Les pandémies en général ont eu des effets non seulement sur la planification urbaine, mais aussi sur le mode de gouvernance des territoires. Les différents exemples étudiés dans ce mémoire, nous montre qu’une crise sanitaire ne marque pas forcément une discontinuité radicale entre ce qui s’est passé avant et ce qui se passera après. Cette rupture n’est souvent pas aussi nette que ce que l’on croit. Nous nous rendons compte que le nouveau modèle urbain, que nous avons cité en haut, n’est pas si nouveau que ça et que ses racines sont bien ancrées dans l’histoire. Nous faisons ainsi l’hypothèse que les crises sanitaires sont l’un des facteurs d’accélération et d’évolution des intentions de transformation urbaine, notamment en termes d’organisation du domaine public.
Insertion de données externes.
lemma transition_sound:
  assumes "(q, v, u, q') \<in> transitions" "admissible q c" "S.path c v b"
    and "linked q' b a'" "a' \<in> M1"
  shows "\<exists>a. linked q c a \<and> M.path a u a'"
  using assms(1)
proof cases
  case (enter y i g j)
  then have "b = Some g"
    using assms(2,3) spell gen_in S.path_map_letter_iff by auto
  with enter assms(4) have "M.path None u a'"
    using M.path_edge[of None y] by simp
  with enter show ?thesis by auto
next
  case (forward i j y i' g j' p)
  with assms(2-4) forward_sound show ?thesis by auto
next
  case (backward i j' y x i' g j p)
  with assms(2-5) backward_sound show ?thesis by auto
next
  case (leave y i g j)
  with assms(4) have "b = None" "a' = None" by simp_all
  with leave assms(3) have "c = Some g"
    using spell gen_in S.path_inv_word_iff by auto
  with leave \<open>a' = None\<close> show ?thesis
    using M.path_inv_edge[of None y] by auto
next
  case (vanish i j y)
  obtain g0 where "c = Some g0" "g0 \<in> S"
    using assms(2,3) vanish by (auto simp: loop_path_Nil_iff)
  moreover have "Some (Some (i, g0, j)) \<in> M1"
    using vanish \<open>g0 \<in> S\<close> rows_subset cols_subset by auto
  ultimately show ?thesis
    using vanish assms(4) M.path_edge[of "Some (Some (i, g0, j))" y] by (auto simp: rees_mult_killed)
next
  case (revive i j y x)
  with assms(4,5) show ?thesis
    using M.path_inv_edge[of a' y] by (auto simp: rees_mult_killed)
qed (use assms(3-5) M.path_edge[of None] M.path_edge[of "Some None"] M.path_inv_edge[of None]
      M.path_inv_edge[of "Some None"] in \<open>fastforce simp: loop_path_Nil_iff\<close>)+

lemma run_sound:
  assumes "transducer_run transitions q v u r" "admissible q c" "S.path c v None"
    and "linked r None a'" "a' \<in> M1"
  shows "\<exists>a. linked q c a \<and> M.path a u a'"
  using assms
proof (induction arbitrary: c rule: transducer_run.induct)
  case (stay q)
  then show ?case by (auto simp: loop_path_Nil_iff)
next
  case (step q v0 u0 q' v' u' r)
  from step.prems(2) obtain b where b: "S.path c v0 b" "S.path b v' None"
    by (auto simp: S.path_append_iff)
  with step obtain a1 where "linked q' b a1" "M.path a1 u' a'"
    using transition_admissible by blast
  moreover have "a1 \<in> M1"
    using \<open>M.path a1 u' a'\<close> by (rule M.path_source_in)
  ultimately obtain a where "linked q c a" "M.path a u0 a1"
    using transition_sound step.hyps(1) step.prems(1) b(1) by blast
  with \<open>M.path a1 u' a'\<close> show ?case
    using loop_path_append by blast
qed

definition segments :: "('i, 'j) state \<Rightarrow> ('i, 'j) state \<Rightarrow> nat list set" where
  "segments q f = {u. \<exists>v \<in> loop_problem S mS X \<sigma>. transducer_run transitions q v u f}"

definition from_one :: "nat list set" where
  "from_one = paths_one_one (segments Start_one Done_one) (segments Start_one Done_zero)
     (segments Start_zero Done_one) (segments Start_zero Done_zero)"

definition from_zero :: "nat list set" where
  "from_zero = paths_zero_one (segments Start_one Done_one) (segments Start_one Done_zero)
     (segments Start_zero Done_one) (segments Start_zero Done_zero)"

lemma segments_sound:
  assumes "u \<in> segments q f" "admissible q None" "linked f None a'" "a' \<in> M1"
  shows "\<exists>a. linked q None a \<and> M.path a u a'"
  using assms run_sound unfolding segments_def loop_problem_def by blast

lemma from_one_sound: "from_one \<subseteq> {u. M.path None u None}"
  unfolding from_one_def
proof (rule paths_one_one_sound[where path = M.path and p = None and q = "Some None"])
  show "M.path None [] None" "M.path (Some None) [] (Some None)"
    by (simp_all add: loop_path_Nil_iff)
qed (use segments_sound[of _ Start_one Done_one None] segments_sound[of _ Start_one Done_zero "Some None"]
      segments_sound[of _ Start_zero Done_one None] segments_sound[of _ Start_zero Done_zero "Some None"]
      in \<open>auto intro: loop_path_append\<close>)

fun continuations :: "('i, 'j) state \<Rightarrow> nat list set" where
  "continuations Done_one = from_one"
| "continuations Done_zero = from_zero"
| "continuations _ = {}"

definition produces :: "('i, 'j) state \<Rightarrow> 's option \<Rightarrow> nat list \<Rightarrow> bool" where
  "produces q c u \<longleftrightarrow> (\<exists>v u1 u2 f. u = u1 @ u2 \<and> transducer_run transitions q v u1 f \<and>
     S.path c v None \<and> u2 \<in> continuations f)"

lemma produces_final: "u \<in> continuations f \<Longrightarrow> produces f None u"
  unfolding produces_def using transducer_run.stay[of transitions f]
  by (fastforce simp: loop_path_Nil_iff)

lemma produces_prepend:
  assumes "(q, v, u, q') \<in> transitions" "S.path c v b" "produces q' b w"
  shows "produces q c (u @ w)"
proof -
  from assms(3) obtain v' u1 u2 f where "w = u1 @ u2" "transducer_run transitions q' v' u1 f"
    "S.path b v' None" "u2 \<in> continuations f"
    unfolding produces_def by blast
  with assms(1,2) show ?thesis
    unfolding produces_def by (metis append.assoc loop_path_append transducer_run.step)
qed

lemma produces_Start_one: "produces Start_one None u \<Longrightarrow> u \<in> from_one"
  unfolding produces_def
proof (elim exE conjE)
  fix v u1 u2 f
  assume "u = u1 @ u2" "transducer_run transitions Start_one v u1 f" "S.path None v None"
    and u2: "u2 \<in> continuations f"
  then have "u1 \<in> segments Start_one f"
    unfolding segments_def loop_problem_def by blast
  with u2 \<open>u = u1 @ u2\<close> show "u \<in> from_one"
    by (cases f) (auto simp: from_one_def from_zero_def
        intro: paths_one_one_prepend_one paths_one_one_prepend_zero)
qed

lemma produces_Start_zero: "produces Start_zero None u \<Longrightarrow> u \<in> from_zero"
  unfolding produces_def
proof (elim exE conjE)
  fix v u1 u2 f
  assume "u = u1 @ u2" "transducer_run transitions Start_zero v u1 f" "S.path None v None"
    and u2: "u2 \<in> continuations f"
  then have "u1 \<in> segments Start_zero f"
    unfolding segments_def loop_problem_def by blast
  with u2 \<open>u = u1 @ u2\<close> show "u \<in> from_zero"
    by (cases f) (auto simp: from_one_def from_zero_def
        intro: paths_zero_one_prepend_one paths_zero_one_prepend_zero)
qed

lemma produces_Done_zero:
  assumes "c \<in> carrier1 S" "w \<in> from_zero"
  shows "produces Done_zero c w"
proof -
  have "produces Done_zero c w" if "S.path c (inv_word zs) None" for zs
    using that
  proof (induction zs arbitrary: c rule: rev_induct)
    case Nil
    then show ?case using produces_final assms(2) by (simp add: loop_path_Nil_iff)
  next
    case (snoc x zs)
    then obtain b where b: "b \<in> carrier1 S" "x \<in> X" "mult1 mS b (Some (\<sigma> x)) = c"
      "S.path b (inv_word zs) None"
      unfolding inv_word_snoc loop_path_inv_letter_iff by blast
    from produces_prepend[OF transitions.unwind[OF b(2)] S.path_inv_edge[OF b(1,2)] snoc.IH[OF b(4)]]
    show ?case using b(3) by simp
  qed
  moreover have "\<exists>zs. S.path c (inv_word zs) None"
  proof (cases c)
    case None
    then show ?thesis by (auto intro: exI[of _ "[]"] simp: loop_path_Nil_iff)
  next
    case (Some g)
    with assms(1) show ?thesis
      using spell[of g] S.path_inv_word_iff[of "spell g" c None] by auto
  qed
  ultimately show ?thesis by blast
qed

lemma produces_Guess:
  assumes "i \<in> rows" "j \<in> cols"
  shows "set zs \<subseteq> X \<Longrightarrow> S.path c (map letter zs) d \<Longrightarrow> produces (Track i j) d w \<Longrightarrow>
    produces (Guess i j) c w"
proof (induction zs arbitrary: c)
  case Nil
  then have "c = d"
    by (simp add: loop_path_Nil_iff)
  with produces_prepend[OF transitions.settle[OF assms], of c d w] Nil.prems show ?case
    by simp
next
  case (Cons x zs)
  from Cons.prems(2) have x: "x \<in> X" and c: "c \<in> carrier1 S"
    and "S.path (mult1 mS c (Some (\<sigma> x))) (map letter zs) d"
    by (simp_all add: loop_path_letter_iff)
  with Cons.IH Cons.prems have "produces (Guess i j) (mult1 mS c (Some (\<sigma> x))) w"
    by simp
  from produces_prepend[OF transitions.climb[OF assms x] S.path_edge[OF c x] this] show ?case
    by simp
qed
Les événements passés qui ont marqué l’histoire ont eu des effets sur l’espace urbain que la pandémie ne peut pas effacer définitivement en une durée de temps réduite. Avant l’arrivée de la Covid 19 par exemple, Les enjeux sociaux, économiques et environnementaux ont poussé les villes ont développé un système de transport en commun bien dense qui a été remis en question pendant et après la pandémie. Ces éléments pourront donc être soit perturbés par l’arrivée des pandémies, soit au contraire accentués comme c’est le cas de la mobilité douce. Afin de mieux affirmer ou réfuter cette hypothèse, un retour sur les éventements sanitaires marquants l’histoire me semble indispensable ainsi que sur leurs effets sur l’espace urbain puisque la ville est un modèle profondément ancré dans l’histoire et dans l’espace. Afin de mieux affirmer ou réfuter cette hypothèse, ce travail s’organisera en deux grandes parties : D’abord, un retour sur les éventements sanitaires marquants l’histoire de la ville de Paris ainsi que sur leurs effets sur l’espace urbain puisque la ville est un modèle profondément ancré dans l’histoire et dans l’espace. Ensuite, une étude de la crise sanitaire actuelle, la façon avec laquelle elle a influencé les techniques de l’urbanisme, notamment les interventions dans le domaine public pendant et après la pandémie et comment elle pourra faire évoluer le cadre législatif sanitaire en France dans les années qui suivent.